definition precedes :: "nat \<Rightarrow> (nat \<Rightarrow> nat) \<Rightarrow> (nat \<Rightarrow> nat) \<Rightarrow> (nat \<Rightarrow> nat) \<Rightarrow> bool" where
  "precedes n c u v \<longleftrightarrow>
     deficit n c u < deficit n c v \<or> (deficit n c u = deficit n c v \<and> less_fun v u)"

lemma precedes_irrefl: "\<not> precedes n c u u"
  unfolding precedes_def using less_fun_irrefl by blast

lemma precedes_trans: "precedes n c u v \<Longrightarrow> precedes n c v w \<Longrightarrow> precedes n c u w"
  unfolding precedes_def using less_fun_trans by fastforce

lemma precedes_total:
  assumes "is_mono n u" "is_mono n v" "u \<noteq> v"
  shows "precedes n c u v \<or> precedes n c v u"
proof -
  have "{k. u k \<noteq> v k} \<subseteq> {..<n}"
    using assms(1,2) unfolding is_mono_def
    by (metis (mono_tags) lessThan_iff mem_Collect_eq not_le subsetI)
  then have "less_fun u v \<or> less_fun v u"
    using less_fun_trichotomy[of u v] assms(3) finite_subset by blast
  then show ?thesis unfolding precedes_def by linarith
qed

lemma exchange_precedes:
  assumes "is_mono n g" "mdeg n g = mdeg n v" "precedes n c g v"
  obtains j k where "j < n" "k < n" "v j < g j" "g k < v k" "precedes n c (exchange v j k) v"
  using assms(3) unfolding precedes_def
proof (elim disjE conjE)
  assume "deficit n c g < deficit n c v"
  with assms(2) show ?thesis
    by (elim exchange_lowering_deficit) (auto intro: that simp: precedes_def)
next
  assume "deficit n c g = deficit n c v" "less_fun v g"
  with assms(1,2) obtain j k where "j < n" "k < n" "v j < g j" "g k < v k"
      "deficit n c (exchange v j k) \<le> deficit n c v" "less_fun v (exchange v j k)"
    by (rule exchange_lex_step)
  then show ?thesis by (intro that) (auto simp: precedes_def order_le_less)
qed

lemma exchange_mem_veronese_gens:
  assumes "v \<in> veronese_gens n D b" "g \<in> veronese_gens n D b"
    and "j < n" "k < n" "v j < g j" "g k < v k"
  shows "exchange v j k \<in> veronese_gens n D b"
proof -
  have "j \<noteq> k" "0 < v k" using assms(5,6) by auto
  have "g j \<le> b j" using assms(2,3) unfolding veronese_gens_def by blast
  then have "exchange v j k j \<le> b j" using assms(5) by (simp add: exchange_def)
  with assms(1,3,4) \<open>j \<noteq> k\<close> \<open>0 < v k\<close> mdeg_exchange[of j n k v] show ?thesis
    by (auto simp: veronese_gens_def is_mono_def exchange_def)
qed
(* Let $\mathcal{F}=\{f_i\}_{i=1}^N$ be a frame for $\mathbb{R}^n$ and $\Lambda\subseteq\{1,\dots,N\}$. If $\ker(\Theta_{L(\mathcal{F}_\Lambda)})\cap\mathcal{S}_2=\ker(\Theta_{L(\mathcal{F})})\cap\mathcal{S}_2$, then a subspace $M$ of $\mathbb{R}^n$ is an $\mathcal{F}$-PR subspace if and only if it is an $\mathcal{F}_\Lambda$-PR subspace. Consequently, $M$ is a maximal $\mathcal{F}$-PR subspace if and only if it is a maximal $\mathcal{F}_\Lambda$-PR subspace.
   Context: A frame for $\mathbb{R}^n$ is a finite spanning sequence; $\mathcal{F}_\Lambda=\{f_i\}_{i\in\Lambda}$. $\mathcal{S}_2$ is the set of real symmetric $n\times n$ matrices of rank at most $2$, and $\Theta_{L(\mathcal{F}_\Lambda)}(A)=(f_i^TAf_i)_{i\in\Lambda}$ for symmetric $A$. For a finite sequence $\mathcal{G}=\{g_i\}$ in $\mathbb{R}^n$, a subspace $M$ is a $\mathcal{G}$-PR subspace if $\{P_Mg_i\}$ (with $P_M$ the orthogonal projection onto $M$) spans $M$ and whenever $x,y\in M$ satisfy $|\langle x,P_Mg_i\rangle|=|\langle y,P_Mg_i\rangle|$ for all $i$, then $x=\pm y$. It is maximal if it is not a proper subspace of another $\mathcal{G}$-PR subspace. *)

theory Defs
  imports "HOL-Analysis.Analysis"
begin

definition proj_onto :: "(real^'n) set \<Rightarrow> real^'n \<Rightarrow> real^'n" where
  "proj_onto M x = (THE p. p \<in> M \<and> (\<forall>y\<in>M. (x - p) \<bullet> y = 0))"

definition S2 :: "(real^'n^'n) set" where
  "S2 = {A. transpose A = A \<and> rank A \<le> 2}"

definition Theta :: "(nat \<Rightarrow> real^'n) \<Rightarrow> nat set \<Rightarrow> real^'n^'n \<Rightarrow> nat \<Rightarrow> real" where
  "Theta g I A = (\<lambda>i. if i \<in> I then g i \<bullet> (A *v g i) else 0)"

definition ker_Theta :: "(nat \<Rightarrow> real^'n) \<Rightarrow> nat set \<Rightarrow> (real^'n^'n) set" where
  "ker_Theta g I = {A. transpose A = A \<and> Theta g I A = (\<lambda>_. 0)}"

definition is_frame :: "(nat \<Rightarrow> real^'n) \<Rightarrow> nat set \<Rightarrow> bool" where
  "is_frame g I \<longleftrightarrow> finite I \<and> span (g ` I) = UNIV"

definition PR_subspace :: "(nat \<Rightarrow> real^'n) \<Rightarrow> nat set \<Rightarrow> (real^'n) set \<Rightarrow> bool" where
  "PR_subspace g I M \<longleftrightarrow> subspace M \<and>
     span ((\<lambda>i. proj_onto M (g i)) ` I) = M \<and>
     (\<forall>x\<in>M. \<forall>y\<in>M. (\<forall>i\<in>I. \<bar>x \<bullet> proj_onto M (g i)\<bar> = \<bar>y \<bullet> proj_onto M (g i)\<bar>)
        \<longrightarrow> x = y \<or> x = - y)"

definition max_PR_subspace :: "(nat \<Rightarrow> real^'n) \<Rightarrow> nat set \<Rightarrow> (real^'n) set \<Rightarrow> bool" where
  "max_PR_subspace g I M \<longleftrightarrow> PR_subspace g I M \<and>
     \<not> (\<exists>M'. PR_subspace g I M' \<and> M \<subset> M')"

end

theory Submission
  imports Defs
begin

text \<open>
  For a subspace M and x \<in> M one has x \<bullet> P_M g = x \<bullet> g, so whether M is a G-PR subspace only
  depends on which pairs x, y \<in> M satisfy |x \<bullet> g_i| = |y \<bullet> g_i| for all i; the spanning condition
  is automatic, since a nonzero x \<in> M orthogonal to all P_M g_i would be indistinguishable from 0.
  Moreover |x \<bullet> g_i| = |y \<bullet> g_i| for all i \<in> I says exactly that the symmetric matrix
  x x^T - y y^T, whose rank is at most 2, lies in the kernel of Theta for G_I. Hence equality of the
  two kernels on S_2 makes the measurement relations of F and F_\<Lambda> coincide, and with them the
  (maximal) PR subspaces.
\<close>

lemma proj_onto_characterization:
  fixes M :: "(real^'n) set"
  assumes "subspace M"
  shows "proj_onto M g \<in> M \<and> (\<forall>y\<in>M. (g - proj_onto M g) \<bullet> y = 0)"
proof -
  obtain p z where p: "p \<in> span M" "\<And>w. w \<in> span M \<Longrightarrow> orthogonal z w" "g = p + z"
    using orthogonal_subspace_decomp_exists by blast
  have "p \<in> M"
    using p(1) assms by (metis span_eq_iff)
  then have ex: "p \<in> M \<and> (\<forall>y\<in>M. (g - p) \<bullet> y = 0)"
    using p(2,3) by (auto simp: orthogonal_def span_base)
  have uniq: "q = p" if "q \<in> M \<and> (\<forall>y\<in>M. (g - q) \<bullet> y = 0)" for q
  proof -
    have "p - q \<in> M"
      using that \<open>p \<in> M\<close> assms by (simp add: subspace_diff)
    then have "(g - q) \<bullet> (p - q) = 0" "(g - p) \<bullet> (p - q) = 0"
      using that ex by auto
    then have "(p - q) \<bullet> (p - q) = 0"
      by (simp add: algebra_simps inner_diff_left inner_diff_right)
    then show ?thesis by simp
  qed
  have "proj_onto M g = p"
    unfolding proj_onto_def using ex uniq by (rule the_equality)
  with ex show ?thesis by simp
qed

lemma inner_proj_onto:
  fixes M :: "(real^'n) set"
  assumes "subspace M" "x \<in> M"
  shows "x \<bullet> proj_onto M g = x \<bullet> g"
proof -
  have "(g - proj_onto M g) \<bullet> x = 0"
    using proj_onto_characterization[OF assms(1)] assms(2) by auto
  then show ?thesis
    by (simp add: inner_diff_left inner_diff_right inner_commute)
qed

lemma PR_subspace_iff:
  "PR_subspace g I M \<longleftrightarrow> subspace M \<and>
     (\<forall>x\<in>M. \<forall>y\<in>M. (\<forall>i\<in>I. \<bar>x \<bullet> g i\<bar> = \<bar>y \<bullet> g i\<bar>) \<longrightarrow> x = y \<or> x = - y)"
  (is "_ \<longleftrightarrow> subspace M \<and> ?retrieval")
proof (cases "subspace M")
  case True
  let ?P = "(\<lambda>i. proj_onto M (g i)) ` I"
  have retrieval_proj_iff:
    "(\<forall>x\<in>M. \<forall>y\<in>M. (\<forall>i\<in>I. \<bar>x \<bullet> proj_onto M (g i)\<bar> = \<bar>y \<bullet> proj_onto M (g i)\<bar>)
        \<longrightarrow> x = y \<or> x = - y) \<longleftrightarrow> ?retrieval"
    using True by (simp add: inner_proj_onto)
  have span_M: "span M = M"
    using True by (rule span_eq_iff[THEN iffD2])
  have spanning: "span ?P = M" if ?retrieval
  proof (rule ccontr)
    assume "span ?P \<noteq> M"
    moreover have "span ?P \<subseteq> M"
      using proj_onto_characterization[OF True] span_M by (metis image_subsetI span_mono)
    ultimately have "span ?P \<subset> span M"
      using span_M by blast
    then obtain x where x: "x \<noteq> 0" "x \<in> M" "\<And>y. y \<in> span ?P \<Longrightarrow> orthogonal x y"
      using orthogonal_to_subspace_exists_gen span_M by metis
    have "x \<bullet> g i = 0" if "i \<in> I" for i
      using x(3)[of "proj_onto M (g i)"] that inner_proj_onto[OF True x(2)]
      by (simp add: orthogonal_def span_base)
    then have "\<forall>i\<in>I. \<bar>x \<bullet> g i\<bar> = \<bar>0 \<bullet> g i\<bar>"
      by simp
    moreover have "0 \<in> M"
      using True by (rule subspace_0)
    ultimately have "x = 0 \<or> x = - 0"
      using \<open>?retrieval\<close> x(2) by blast
    with x(1) show False by simp
  qed
  show ?thesis
    unfolding PR_subspace_def using True retrieval_proj_iff spanning by blast
qed (simp add: PR_subspace_def)

definition outer_diff :: "real^'n \<Rightarrow> real^'n \<Rightarrow> real^'n^'n" where
  "outer_diff x y = (\<chi> i j. x$i * x$j - y$i * y$j)"

lemma outer_diff_mult: "outer_diff x y *v v = (x \<bullet> v) *\<^sub>R x - (y \<bullet> v) *\<^sub>R y"
  by (simp add: vec_eq_iff outer_diff_def matrix_vector_mult_def inner_vec_def
      sum_distrib_left sum_subtractf algebra_simps)

lemma transpose_outer_diff: "transpose (outer_diff x y) = outer_diff x y"
  by (simp add: vec_eq_iff outer_diff_def transpose_def)

lemma outer_diff_in_S2: "outer_diff x y \<in> S2"
proof -
  have "range (\<lambda>v. outer_diff x y *v v) \<subseteq> span {x, y}"
    unfolding outer_diff_mult by (auto intro!: span_diff span_mul simp: span_base)
  then have "dim (range (\<lambda>v. outer_diff x y *v v)) \<le> card {x, y}"
    by (intro dim_le_card) auto
  also have "\<dots> \<le> 2"
    by (simp add: card_insert_if)
  finally show ?thesis
    by (simp add: S2_def rank_dim_range transpose_outer_diff)
qed

lemma outer_diff_in_ker_Theta_iff:
  "outer_diff x y \<in> ker_Theta g I \<longleftrightarrow> (\<forall>i\<in>I. \<bar>x \<bullet> g i\<bar> = \<bar>y \<bullet> g i\<bar>)"
proof -
  have "g i \<bullet> (outer_diff x y *v g i) = (x \<bullet> g i)\<^sup>2 - (y \<bullet> g i)\<^sup>2" for i
    by (simp add: outer_diff_mult inner_diff_right power2_eq_square inner_commute)
  moreover have "\<bar>a\<bar> = \<bar>b\<bar> \<longleftrightarrow> a\<^sup>2 - b\<^sup>2 = 0" for a b :: real
    by (metis abs_le_square_iff eq_iff_diff_eq_0 order_antisym order_refl)
  ultimately show ?thesis
    by (auto simp: ker_Theta_def Theta_def fun_eq_iff transpose_outer_diff)
qed

lemma same_measurements_if_ker_Theta_S2_eq:
  assumes "ker_Theta g I \<inter> S2 = ker_Theta g J \<inter> S2"
  shows "(\<forall>i\<in>I. \<bar>x \<bullet> g i\<bar> = \<bar>y \<bullet> g i\<bar>) \<longleftrightarrow> (\<forall>i\<in>J. \<bar>x \<bullet> g i\<bar> = \<bar>y \<bullet> g i\<bar>)"
  using assms outer_diff_in_S2[of x y] outer_diff_in_ker_Theta_iff[of x y g] by blast

lemma PR_subspace_eq_if_ker_Theta_S2_eq:
  assumes "ker_Theta g I \<inter> S2 = ker_Theta g J \<inter> S2"
  shows "PR_subspace g I = PR_subspace g J"
  using same_measurements_if_ker_Theta_S2_eq[OF assms] by (simp add: fun_eq_iff PR_subspace_iff)

theorem lemma3p5:
  fixes f :: "nat \<Rightarrow> real^'n" and N :: nat and \<Lambda> :: "nat set"
  assumes "is_frame f {1..N}"
    and "\<Lambda> \<subseteq> {1..N}"
    and "ker_Theta f \<Lambda> \<inter> S2 = ker_Theta f {1..N} \<inter> S2"
  shows "(\<forall>M. subspace M \<longrightarrow> (PR_subspace f {1..N} M \<longleftrightarrow> PR_subspace f \<Lambda> M))
    \<and> (\<forall>M. subspace M \<longrightarrow> (max_PR_subspace f {1..N} M \<longleftrightarrow> max_PR_subspace f \<Lambda> M))"
proof -
  have "PR_subspace f {1..N} = PR_subspace f \<Lambda>"
    using PR_subspace_eq_if_ker_Theta_S2_eq[OF assms(3)] by simp
  then show ?thesis
    by (simp add: max_PR_subspace_def)
qed

end
lemma window_step:
  assumes Q: "16 \<le> Q" and m': "m' \<le> m + window Q m + 1"
  shows "window Q m' \<le> window Q m + 2"
proof -
  define L where "L = floorlog 2 (m + Q)"
  have "5 \<le> L"
    unfolding L_def by (rule floorlog_geI) (use Q in simp_all)
  moreover have bounds: "2 ^ (L - 1) \<le> m + Q \<and> m + Q < 2 ^ L"
    unfolding L_def by (rule floorlog_bounds) (use Q in simp_all)
  ultimately have "2 * L + 1 \<le> m + Q"
    using linear_le_power_of_2 by (meson order_trans)
  then have "m' + Q \<le> 2 * (m + Q)"
    using m' by (simp add: window_def L_def)
  also have "\<dots> < 2 ^ Suc L"
    using bounds by simp
  finally have "floorlog 2 (m' + Q) \<le> Suc L"
    by (intro floorlog_leI) simp_all
  then show ?thesis
    by (simp add: window_def L_def)
qed

context
  fixes \<omega> :: "nat \<Rightarrow> bool" and Q :: nat and X :: real
  assumes Q: "16 \<le> Q" and hits_window: "\<And>p. \<exists>j \<le> window Q p. \<omega> (p + j)"
begin

abbreviation orbit :: "nat \<Rightarrow> real" where
  "orbit n \<equiv> Fwd \<omega> n X"

text \<open>
  Invariant of the escape argument: at a high time the orbit lies so far above the current
  window length that descending by \<open>f2\<close> for a whole window keeps it nonnegative, after which
  \<open>f1\<close> roughly doubles it.
\<close>

definition high :: "nat \<Rightarrow> bool" where
  "high m \<longleftrightarrow> 2 * real (window Q m) + 3 \<le> orbit m"

lemma high_next:
  assumes "high m"
  obtains m' where "m < m'" "high m'" "orbit m + 1 \<le> orbit m'"
    "\<And>n. m \<le> n \<Longrightarrow> n < m' \<Longrightarrow> orbit m - real (window Q m) \<le> orbit n"
proof -
  define j where "j = (LEAST j. \<omega> (m + j))"
  obtain j0 where j0: "j0 \<le> window Q m" "\<omega> (m + j0)"
    using hits_window by blast
  then have hit: "\<omega> (m + j)"
    unfolding j_def by (intro LeastI[of "\<lambda>j. \<omega> (m + j)" j0])
  have j_le: "j \<le> window Q m"
    unfolding j_def using j0 by (meson Least_le order_trans)
  have descent: "orbit (m + i) = orbit m - real i" if "i \<le> j" for i
    using that
  proof (induction i)
    case (Suc i)
    then have "\<not> \<omega> (m + i)"
      unfolding j_def using not_less_Least by (metis Suc_le_lessD)
    with Suc show ?case
      by (simp add: Fwd_Suc f2_def)
  qed simp
  have high_m: "2 * real (window Q m) + 3 \<le> orbit m"
    using assms by (simp add: high_def)
  have j_real: "real j \<le> real (window Q m)"
    using j_le by simp
  have jump: "orbit (Suc (m + j)) = 2 * (orbit m - real j) + 1"
    using descent[of j] hit high_m j_real by (simp add: Fwd_Suc f1_def)
  have "window Q (Suc (m + j)) \<le> window Q m + 2"
    using window_step[OF Q] j_le by simp
  then have "real (window Q (Suc (m + j))) \<le> real (window Q m) + 2"
    by linarith
  then have "high (Suc (m + j))"
    using jump high_m j_real by (simp add: high_def)
  moreover have "orbit m + 1 \<le> orbit (Suc (m + j))"
    using jump high_m j_real by simp
  moreover have "orbit m - real (window Q m) \<le> orbit n" if "m \<le> n" "n < Suc (m + j)" for n
    using descent[of "n - m"] that j_real by simp
  ultimately show ?thesis
    using that[of "Suc (m + j)"] by simp
qed

lemma high_orbit_stays_high:
  "high m \<Longrightarrow> m \<le> n \<Longrightarrow> (orbit m + 3) / 2 \<le> orbit n"
proof (induction "n - m" arbitrary: m rule: less_induct)
  case less
  obtain m' where m': "m < m'" "high m'" "orbit m + 1 \<le> orbit m'"
    "\<And>n. m \<le> n \<Longrightarrow> n < m' \<Longrightarrow> orbit m - real (window Q m) \<le> orbit n"
    using high_next[OF less.prems(1)] by blast
  have "2 * real (window Q m) + 3 \<le> orbit m"
    using less.prems(1) by (simp add: high_def)
  show ?case
  proof (cases "n < m'")
    case True
    with m'(4)[OF less.prems(2)] \<open>2 * real (window Q m) + 3 \<le> orbit m\<close> show ?thesis
      by simp
  next
    case False
    then have "(orbit m' + 3) / 2 \<le> orbit n"
      using m'(1,2) less.prems(2) by (intro less.hyps) simp_all
    with m'(3) show ?thesis
      by simp
  qed
qed

lemma high_orbit_unbounded: "high m \<Longrightarrow> \<exists>m'. high m' \<and> orbit m + real k \<le> orbit m'"
proof (induction k)
  case (Suc k)
  then obtain m' where "high m'" "orbit m + real k \<le> orbit m'"
    by blast
  moreover obtain m'' where "high m''" "orbit m' + 1 \<le> orbit m''"
    using high_next[OF \<open>high m'\<close>] by blast
  ultimately show ?case
    by (intro exI[of _ m'']) simp
qed auto

lemma orbit_escapes_from_high_start:
  assumes "2 * real (window Q 0) + 3 \<le> X"
  shows "filterlim orbit at_top sequentially"
  unfolding filterlim_at_top eventually_sequentially
proof
  fix Z :: real
  have "high 0"
    using assms by (simp add: high_def Fwd_def)
  obtain k :: nat where k: "2 * Z - X \<le> real k"
    using real_arch_simple by blast
  obtain m where m: "high m" "orbit 0 + real k \<le> orbit m"
    using high_orbit_unbounded[OF \<open>high 0\<close>] by blast
  have "Z \<le> orbit n" if "m \<le> n" for n
    using high_orbit_stays_high[OF m(1) that] m(2) k assms by (simp add: Fwd_def)
  then show "\<exists>N. \<forall>n\<ge>N. Z \<le> orbit n"
    by blast
qed

end

definition missed_window :: "nat \<Rightarrow> nat \<Rightarrow> (nat \<Rightarrow> bool) set" where
  "missed_window Q p = {\<omega> \<in> space coins. \<forall>j \<le> window Q p. \<not> \<omega> (p + j)}"

lemma missed_window_sets [measurable]: "missed_window Q p \<in> sets coins"
proof -
  have "Measurable.pred coins (\<lambda>\<omega>. \<forall>j \<le> window Q p. \<not> \<omega> (p + j))"
    by measurable
  then show ?thesis
    by (simp add: missed_window_def pred_def)
qed

lemma measure_missed_window: "measure coins (missed_window Q p) = (1/2) ^ (window Q p + 1)"
proof -
  let ?J = "{p..p + window Q p}"
  let ?B = "measure_pmf (bernoulli_pmf (1/2))"
  have "missed_window Q p = prod_emb UNIV (\<lambda>_. ?B) ?J (\<Pi>\<^sub>E i\<in>?J. {False})"
  proof (rule set_eqI)
    fix \<omega> :: "nat \<Rightarrow> bool"
    have "(\<forall>j \<le> window Q p. \<not> \<omega> (p + j)) \<longleftrightarrow> (\<forall>i\<in>?J. \<omega> i \<in> {False})"
    proof (intro iffI ballI allI impI)
      fix i
      assume "\<forall>j \<le> window Q p. \<not> \<omega> (p + j)" "i \<in> ?J"
      moreover from \<open>i \<in> ?J\<close> have "i - p \<le> window Q p"
        by auto
      ultimately have "\<not> \<omega> (p + (i - p))"
        by blast
      with \<open>i \<in> ?J\<close> show "\<omega> i \<in> {False}"
        by simp
    qed auto
    moreover have "\<omega> \<in> prod_emb UNIV (\<lambda>_. ?B) ?J (\<Pi>\<^sub>E i\<in>?J. {False}) \<longleftrightarrow> (\<forall>i\<in>?J. \<omega> i \<in> {False})"
      by (simp only: prod_emb_iff restrict_PiE_iff) simp
    ultimately show "\<omega> \<in> missed_window Q p \<longleftrightarrow> \<omega> \<in> prod_emb UNIV (\<lambda>_. ?B) ?J (\<Pi>\<^sub>E i\<in>?J. {False})"
      by (simp add: missed_window_def)
  qed
  then have "measure coins (missed_window Q p) = (\<Prod>i\<in>?J. measure ?B {False})"
    unfolding coins_def by (simp only:) (rule coin_sequence.measure_PiM_emb; auto)
  also have "\<dots> = (1/2) ^ (window Q p + 1)"
    by (simp add: measure_pmf_single)
  finally show ?thesis .
qed

lemma missed_window_probability_le:
  assumes "16 \<le> Q"
  shows "(1/2::real) ^ (window Q p + 1) \<le> 1 / (real (p + Q) - 1) - 1 / (real (Suc p + Q) - 1)"
proof -
  define q where "q = p + Q"
  define L where "L = floorlog 2 q"
  have "q < 2 ^ L"
    unfolding L_def using floorlog_bounds[of q 2] assms by (simp add: q_def)
  then have q_less: "real q < 2 ^ L"
    by (metis of_nat_less_iff of_nat_numeral of_nat_power)
  have q16: "16 \<le> real q"
    using assms by (simp add: q_def)
  have "(1/2::real) ^ (window Q p + 1) = 1 / (2 * (2 ^ L)\<^sup>2)"
    by (simp add: window_def L_def q_def power_one_over power_add power_mult[symmetric] mult.commute)
  also have "\<dots> \<le> 1 / ((real q - 1) * real q)"
  proof (rule divide_left_mono)
    have "(real q - 1) * real q \<le> real q * real q"
      using q16 by simp
    also have "\<dots> \<le> 2 ^ L * 2 ^ L"
      using q_less q16 by (intro mult_mono) auto
    also have "\<dots> \<le> 2 * (2 ^ L)\<^sup>2"
      by (simp add: power2_eq_square)
    finally show "(real q - 1) * real q \<le> 2 * (2 ^ L)\<^sup>2" .
  qed (use q16 in auto)
  also have "\<dots> = 1 / (real q - 1) - 1 / real q"
    using q16 by (simp add: field_simps)
  also have "real q = real (Suc p + Q) - 1"
    by (simp add: q_def)
  finally show ?thesis
    by (simp add: q_def)
qed
lemma box_rel_from_0: "(0, y) \<in> box_rel D Q i m j \<longleftrightarrow> y = (if j = i then m else -1)"
  using m unfolding box_rel_def uQ_def by auto

lemma box_rel_from_m: "(m, y) \<in> box_rel D Q i m j \<longleftrightarrow> (if j = i then y = m else (0, y) \<in> Q j)"
  using m unfolding box_rel_def uQ_def Ev_def by auto

lemma reach_box_rel_old: "x \<in> insert (-1) D \<Longrightarrow> reach (box_rel D Q i m) x s y \<longleftrightarrow> reach Q x s y"
  by (rule reach_cong_closed[where S = "insert (-1) D"])
    (auto dest: action_wf_edge[OF wf] simp: box_rel_from_old)

lemma reach_box_rel_m: "j \<noteq> i \<Longrightarrow> reach (box_rel D Q i m) m (j # s) y \<longleftrightarrow> reach Q 0 (j # s) y"
  using reach_box_rel_old action_wf_edge[OF wf] by (auto simp: box_rel_from_m)

lemma reach_box_rel_0:
  "reach (box_rel D Q i m) 0 (j # s) y \<longleftrightarrow> (if j = i then reach (box_rel D Q i m) m s y else y = -1)"
  using reach_box_rel_old[of "-1"] reach_sink[OF wf] by (simp add: box_rel_from_0)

[DIRECTIONS]:
Filter the listing so that only lines holding the word "fixes" remain, and copy those lines.

[RESPONSE BELOW]:
  fixes M :: "(real^'n) set"
  fixes M :: "(real^'n) set"
  fixes f :: "nat \<Rightarrow> real^'n" and N :: nat and \<Lambda> :: "nat set"
  fixes \<omega> :: "nat \<Rightarrow> bool" and Q :: nat and X :: real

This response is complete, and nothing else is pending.